For illustration purposes, Item 1 was used to highlight items that were the lowest in discriminating teachers with regard to their perceived skills in classroom assessment practices. Item 1 asked teachers to indicate their perceived skill in constructing multiple choice items. Results showed this item did not discriminate teachers with the skill from those without skill in constructing multiple choice items. The ICC for item 1 showed that teachers with an ability greater than approximately 1.9 were most likely reported to be very skilled in constructing multiple choice items, and those with ability approximately 1.8 are most likely to report that they are very skilled in multiple choice item construction, while those with an ability less than approximately .5 were most likely to indicate that they were somehow skilled in constructing multiple items. Those who felt they had little skill were at −2.3 response level and those without skill were at −1.9. Similarly, the IIC showed that Item 1 provided more information about teachers for teachers with high perceived skills in constructing multiple choice items. This showed that most of the teachers felt more skilled in constructing multiple choice items. Therefore, Item 1 was not a good item for discriminating teachers with high self-perceived skill in constructing multiple choice items (see Figure ).
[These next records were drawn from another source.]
lemma mixed_power_sum_ge:
  fixes p q :: "'a::linordered_idom"
  assumes "0 \<le> p" "0 \<le> q"
  shows "of_nat m * min p q ^ Suc m \<le> mixed_power_sum m p q"
proof -
  have "(\<Sum>i<m. min p q ^ (m - i) * min p q ^ Suc i) = (\<Sum>i<m. min p q ^ Suc m)"
    by (rule sum.cong) (auto simp flip: power_add)
  then have "of_nat m * min p q ^ Suc m = (\<Sum>i<m. min p q ^ (m - i) * min p q ^ Suc i)"
    by simp
  also have "\<dots> \<le> mixed_power_sum m p q"
    unfolding mixed_power_sum_def
    by (intro sum_mono mult_mono power_mono) (use assms in auto)
  finally show ?thesis .
qed

section \<open>The logarithm of \<open>F\<^sub>\<alpha>\<^sub>,\<^sub>\<beta>\<close> and its derivatives\<close>

definition recip_deriv :: "nat \<Rightarrow> real \<Rightarrow> real \<Rightarrow> real" where
  "recip_deriv n c x = (-1) ^ n * fact n * inverse (x + c) ^ Suc n"

lemma DERIV_recip_deriv:
  assumes "x + c \<noteq> 0"
  shows "(recip_deriv n c has_real_derivative recip_deriv (Suc n) c x) (at x)"
proof -
  have "((\<lambda>y. inverse (y + c)) has_real_derivative - (inverse (x + c) ^ 2)) (at x)"
    using assms by (auto intro!: derivative_eq_intros simp: power2_eq_square)
  then have deriv: "((\<lambda>y. (-1) ^ n * fact n * inverse (y + c) ^ Suc n) has_real_derivative
      (-1) ^ n * fact n * ((1 + real n) * (- (inverse (x + c) ^ 2) * inverse (x + c) ^ n))) (at x)"
    by (intro DERIV_cmult DERIV_power_Suc)
  have eq: "(-1) ^ n * fact n * ((1 + real n) * (- (w ^ 2) * w ^ n)) =
      (-1) ^ Suc n * fact (Suc n) * w ^ Suc (Suc n)" for w :: real
    by (simp add: fact_Suc power2_eq_square algebra_simps)
  from deriv show ?thesis unfolding eq recip_deriv_def[abs_def] .
qed

lemma recip_deriv_alternating:
  "(-1) ^ n * recip_deriv n c x = fact n / (x + c) ^ Suc n"
  "(-1) ^ n * recip_deriv (Suc n) c x = - (fact (Suc n) / (x + c) ^ Suc (Suc n))"
  by (simp_all add: recip_deriv_def divide_inverse power_inverse flip: mult.assoc power_add)

definition ln_F :: "real \<Rightarrow> real \<Rightarrow> real \<Rightarrow> real" where
  "ln_F a b x = (x + b) * (ln (x + a) - ln x)"

fun ln_F_deriv :: "real \<Rightarrow> real \<Rightarrow> nat \<Rightarrow> real \<Rightarrow> real" where
  "ln_F_deriv a b 0 x = ln_F a b x"
| "ln_F_deriv a b (Suc 0) x =
     ln (x + a) - ln x - b * recip_deriv 0 0 x - (a - b) * recip_deriv 0 a x"
| "ln_F_deriv a b (Suc (Suc n)) x =
     recip_deriv n a x - recip_deriv n 0 x - b * recip_deriv (Suc n) 0 x - (a - b) * recip_deriv (Suc n) a x"

lemma ln_F_deriv_0: "ln_F_deriv a b 0 = ln_F a b"
  by (simp add: fun_eq_iff)

lemma F_ab_eq_exp_ln_F:
  assumes "0 < x" "0 < x + a"
  shows "F_ab a b x = exp (ln_F a b x)"
proof -
  have "1 + a / x = (x + a) / x" using assms by (simp add: field_simps)
  then show ?thesis using assms by (simp add: F_ab_def ln_F_def powr_def ln_div)
qed

lemma DERIV_ln_F_deriv:
  assumes x: "0 < x" "0 < x + a"
  shows "(ln_F_deriv a b k has_real_derivative ln_F_deriv a b (Suc k) x) (at x)"
proof -
  consider "k = 0" | "k = Suc 0" | n where "k = Suc (Suc n)"
    by (metis not0_implies_Suc)
  then show ?thesis
  proof cases
    case 1
    have "((\<lambda>y. (y + b) * (ln (y + a) - ln y)) has_real_derivative
        ln (x + a) - ln x + (x + b) * (1 / (x + a) - 1 / x)) (at x)"
      using x by (auto intro!: derivative_eq_intros)
    moreover have "ln (x + a) - ln x + (x + b) * (1 / (x + a) - 1 / x) =
        ln (x + a) - ln x - b * inverse x - (a - b) * inverse (x + a)"
      using x by (simp add: divide_simps) (simp add: algebra_simps)
    ultimately show ?thesis using 1 by (simp add: ln_F_deriv_0 ln_F_def[abs_def] recip_deriv_def)
  next
    case 2
    have "((\<lambda>y. ln (y + a) - ln y - b * recip_deriv 0 0 y - (a - b) * recip_deriv 0 a y)
        has_real_derivative recip_deriv 0 a x - recip_deriv 0 0 x
          - b * recip_deriv 1 0 x - (a - b) * recip_deriv 1 a x) (at x)"
      using x by (intro DERIV_diff DERIV_cmult DERIV_recip_deriv)
        (auto intro!: derivative_eq_intros simp: recip_deriv_def divide_inverse)
    moreover have "ln_F_deriv a b (Suc 0) =
        (\<lambda>y. ln (y + a) - ln y - b * recip_deriv 0 0 y - (a - b) * recip_deriv 0 a y)"
      by (simp add: fun_eq_iff)
    ultimately show ?thesis using 2 by simp
  next
    case 3
    have "((\<lambda>y. recip_deriv n a y - recip_deriv n 0 y - b * recip_deriv (Suc n) 0 y
          - (a - b) * recip_deriv (Suc n) a y)
        has_real_derivative recip_deriv (Suc n) a x - recip_deriv (Suc n) 0 x
          - b * recip_deriv (Suc (Suc n)) 0 x - (a - b) * recip_deriv (Suc (Suc n)) a x) (at x)"
      using x by (intro DERIV_diff DERIV_cmult DERIV_recip_deriv) auto
    moreover have "ln_F_deriv a b (Suc (Suc n)) =
        (\<lambda>y. recip_deriv n a y - recip_deriv n 0 y - b * recip_deriv (Suc n) 0 y
          - (a - b) * recip_deriv (Suc n) a y)"
      by (simp add: fun_eq_iff)
    ultimately show ?thesis using 3 by simp
  qed
qed

lemma ln_F_deriv_Suc_Suc_eq:
  fixes n :: nat
  assumes x: "0 < x" "0 < x + a"
  defines "m \<equiv> Suc n"
  defines "P \<equiv> x ^ Suc m" and "Q \<equiv> (x + a) ^ Suc m"
  shows "(-1) ^ n * ln_F_deriv a b (Suc (Suc n)) x =
    fact n * (real m * (b * (Q - P) + a * P) - a * mixed_power_sum m x (x + a)) / (P * Q)"
proof -
  have "(-1) ^ n * ln_F_deriv a b (Suc (Suc n)) x =
      (-1) ^ n * recip_deriv n a x - (-1) ^ n * recip_deriv n 0 x
      - b * ((-1) ^ n * recip_deriv (Suc n) 0 x) - (a - b) * ((-1) ^ n * recip_deriv (Suc n) a x)"
    by (simp add: algebra_simps)
  also have "\<dots> = fact n / (x + a) ^ m - fact n / x ^ m
      + real m * fact n * (b / P + (a - b) / Q)"
    unfolding recip_deriv_alternating m_def P_def Q_def by (simp add: algebra_simps)
  also have "\<dots> = fact n * (real m * (b * (Q - P) + a * P) - x * (x + a) * ((x + a) ^ m - x ^ m)) / (P * Q)"
  proof -
    have "f / v - f / u + r * f * (b / (p * u) + (a - b) / (q * v))
        = f * (r * (b * (q * v - p * u) + a * (p * u)) - p * q * (v - u)) / ((p * u) * (q * v))"
      if "p \<noteq> 0" "q \<noteq> 0" "u \<noteq> 0" "v \<noteq> 0" for f r p q u v :: real
      using that by (simp add: field_simps)
    from this[of x "x + a" "x ^ m" "(x + a) ^ m" "fact n" "real m"]
    show ?thesis using x unfolding P_def Q_def by (simp add: mult.commute)
  qed
  also have "x * (x + a) * ((x + a) ^ m - x ^ m) = a * mixed_power_sum m x (x + a)"
    by (simp add: mixed_power_sum_eq)
  finally show ?thesis .
qed

lemma ln_F_deriv_alternating_nonneg:
  assumes x: "0 < x" "0 < x + a" and ab: "(0 \<le> a \<and> a \<le> 2 * b) \<or> (a \<le> 0 \<and> b \<le> a)"
  shows "0 \<le> (-1) ^ n * ln_F_deriv a b (Suc (Suc n)) x"
proof -
  define m P Q S where "m = Suc n" and "P = x ^ Suc m" and "Q = (x + a) ^ Suc m"
    and "S = mixed_power_sum m x (x + a)"
  have "0 \<le> real m * (b * (Q - P) + a * P) - a * S"
  proof (cases "0 \<le> a \<and> a \<le> 2 * b")
    case True
    have "P \<le> Q" using True x unfolding P_def Q_def by (intro power_mono) auto
    moreover have "2 * S \<le> real m * (P + Q)"
      using mixed_power_sum_le[of x "x + a" m] x unfolding P_def Q_def S_def by simp
    ultimately have "0 \<le> real m * ((b - a / 2) * (Q - P)) + a * (real m * (P + Q) - 2 * S) / 2"
      using True by (intro add_nonneg_nonneg mult_nonneg_nonneg divide_nonneg_pos) auto
    also have "\<dots> = real m * (b * (Q - P) + a * P) - a * S"
      by (simp add: field_simps)
    finally show ?thesis .
  next
    case False
    with ab have "a \<le> 0" "b \<le> a" by auto
    have "Q \<le> P" using \<open>a \<le> 0\<close> x unfolding P_def Q_def by (intro power_mono) auto
    moreover have "real m * Q \<le> S"
      using mixed_power_sum_ge[of x "x + a" m] x \<open>a \<le> 0\<close> unfolding Q_def S_def by simp
    ultimately have "0 \<le> real m * ((a - b) * (P - Q)) + (- a) * (S - real m * Q)"
      using \<open>a \<le> 0\<close> \<open>b \<le> a\<close> by (intro add_nonneg_nonneg mult_nonneg_nonneg) auto
    also have "\<dots> = real m * (b * (Q - P) + a * P) - a * S"
      by (simp add: algebra_simps)
    finally show ?thesis .
  qed
  moreover have "(-1) ^ n * ln_F_deriv a b (Suc (Suc n)) x =
      fact n * (real m * (b * (Q - P) + a * P) - a * S) / (P * Q)"
    unfolding m_def P_def Q_def S_def by (rule ln_F_deriv_Suc_Suc_eq[OF x])
  moreover have "0 < P * Q" using x unfolding P_def Q_def by simp
  ultimately show ?thesis by simp
qed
Figure 2. Characteristics and information curve for item 1

Figure 2. Characteristics and information curve for item 1

4. Discussion and conclusion

IRT was used to evaluate item response patterns on a teacher perceived skill in classroom assessment for Botswana primary and secondary school teachers. Given the value for classroom assessment practices and the need to have a clear understanding of teachers perceived skills in classroom assessment practices (Cavanagh, Waldrip, Romanoski, Dorman, & Fisher, Citation2005; Marriot & Lau, Citation2008; Nenty et al., Citation2007; Rowntree, Citation1987; Zhang & Burry-Stock, Citation2003) and the relative scarcity in this area of research in an African context, the study adds to the understanding of teachers perceived skills in classroom assessment practices.

Teachers continue to be important for bringing change and preparing students for future endeavors. It is therefore imperative to understand their teaching practices particularly how they assess and evaluate student learning outcomes (McMillan, Citation2008; Reynolds et al., Citation2009). Gathering information that can highlight the level of teachers’ classroom assessment competences in conducting classroom assessments is vital to determine their capabilities and inadequacies. Such information can be used by institutions that conduct teachers’ education and professional development to develop teachers’ assessment competencies.

This study should be helpful in identifying classroom assessment skills that teachers perceive to possess as well as those for which they feel less competent. As noted previously, the Teachers Perceived Skills in Classroom Assessment scale was previously used with teachers in the United States. However, the construct has not been widely studied among African teachers. It is essential for researchers, educators, and policy-makers in the African context to have a clear understanding of the perceived skills teachers hold about certain classroom assessment practices. Understanding teachers’ perceptions about their perceived skills in classroom assessment practices is very important as it can open avenues informing policy and practice for addressing the needs that teachers have as they wrestle with their day-to-day classroom assessment practices.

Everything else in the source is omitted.